• **Exercise instructions**
Look for "lambda" in each line of the records, and copy the lines that have it.

Excerpts from a dataset
section \<open>The constant of the moment-entropy inequality\<close>

lemma continuous_le_esssup_density:
  fixes f h :: "real \<Rightarrow> real"
  assumes f: "f \<in> borel_measurable borel" and I: "open I" "\<forall>x\<in>I. f x > 0"
    and h: "continuous_on I h" and u: "u \<in> I"
  shows "ereal (h u) \<le> esssup (density lborel f) (\<lambda>x. ereal (h x))"
proof (rule ccontr)
  let ?E = "esssup (density lborel f) (\<lambda>x. ereal (h x))"
  assume "\<not> ereal (h u) \<le> ?E"
  then obtain r where r: "?E < ereal r" "r < h u"
    using ereal_dense2 not_le by (metis ereal_less_eq(3) less_ereal.simps(1) order_less_le_trans)
  have "AE x in density lborel f. ereal (h x) \<le> ?E"
    by (rule esssup_AE)
  then have "AE x in lborel. x \<in> I \<longrightarrow> ereal (h x) \<le> ?E"
    using f I(2) by (subst (asm) AE_density) (auto elim!: eventually_mono)
  then have "AE x in lborel. x \<in> I \<inter> h -` {r<..} \<longrightarrow> x \<in> {}"
  proof (rule eventually_mono)
    fix x
    assume hx: "x \<in> I \<longrightarrow> ereal (h x) \<le> ?E"
    show "x \<in> I \<inter> h -` {r<..} \<longrightarrow> x \<in> {}"
    proof
      assume x: "x \<in> I \<inter> h -` {r<..}"
      with hx r(1) have "ereal (h x) < ereal r"
        by (meson IntD1 le_less_trans)
      with x show "x \<in> {}"
        by simp
    qed
  qed
  then have ae: "AE x \<in> I \<inter> h -` {r<..} in lebesgue. x \<in> {}"
    by (rule AE_completion)
  have "u \<in> I \<inter> h -` {r<..}"
    using u r(2) by simp
  from mem_closed_if_AE_lebesgue_open[OF continuous_open_preimage[OF h I(1) open_greaterThan]
      closed_empty ae this] show False
    by simp
qed

lemma K0_gt1:
  fixes p :: real
  assumes p: "p > 1"
  defines "q \<equiv> p / (p - 1)"
  defines "a \<equiv> q / (2 * Gamma (1/q))"
  shows "K0 p = a * q powr (-1/q) * exp (-1/q)"
proof -
  have q: "q > 0"
    using p by (simp add: q_def)
  then have a: "a > 0"
    by (simp add: a_def Gamma_real_pos)
  note mass = stretched_exponential_lborel_integrals(1)[OF q, folded a_def]
  note moment = stretched_exponential_lborel_integrals(2)[OF q, folded a_def]
  have g: "g_p1 p = (\<lambda>x. a * exp (- (\<bar>x\<bar> powr q)))"
    using p by (simp add: g_p1_def q_def a_def fun_eq_iff)
  have sigma: "sigma_mom (pconj p) (g_p1 p) = (1/q) powr (1/q)"
    using moment p by (simp add: sigma_mom_def pconj_def q_def[symmetric] g ac_simps)
  have entropy: "shannon (g_p1 p) = 1/q - ln a"
  proof -
    have "a * exp (- (\<bar>x\<bar> powr q)) * ln (a * exp (- (\<bar>x\<bar> powr q)))
          = ln a * (a * exp (- (\<bar>x\<bar> powr q))) - a * (\<bar>x\<bar> powr q * exp (- (\<bar>x\<bar> powr q)))" for x
      using a by (simp add: ln_mult algebra_simps)
    then show ?thesis
      using mass moment by (simp add: shannon_def g)
  qed
  have "q powr (-1/q) = (1/q) powr (1/q)" "exp (-1/q) = 1 / exp (1/q)"
    using q by (simp_all add: powr_divide powr_minus_divide exp_minus field_simps)
  then show ?thesis
    using a by (simp add: K0_def sigma entropy exp_diff)
qed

• **Response for this exercise**
  shows "ereal (h u) \<le> esssup (density lborel f) (\<lambda>x. ereal (h x))"
  let ?E = "esssup (density lborel f) (\<lambda>x. ereal (h x))"
  have g: "g_p1 p = (\<lambda>x. a * exp (- (\<bar>x\<bar> powr q)))"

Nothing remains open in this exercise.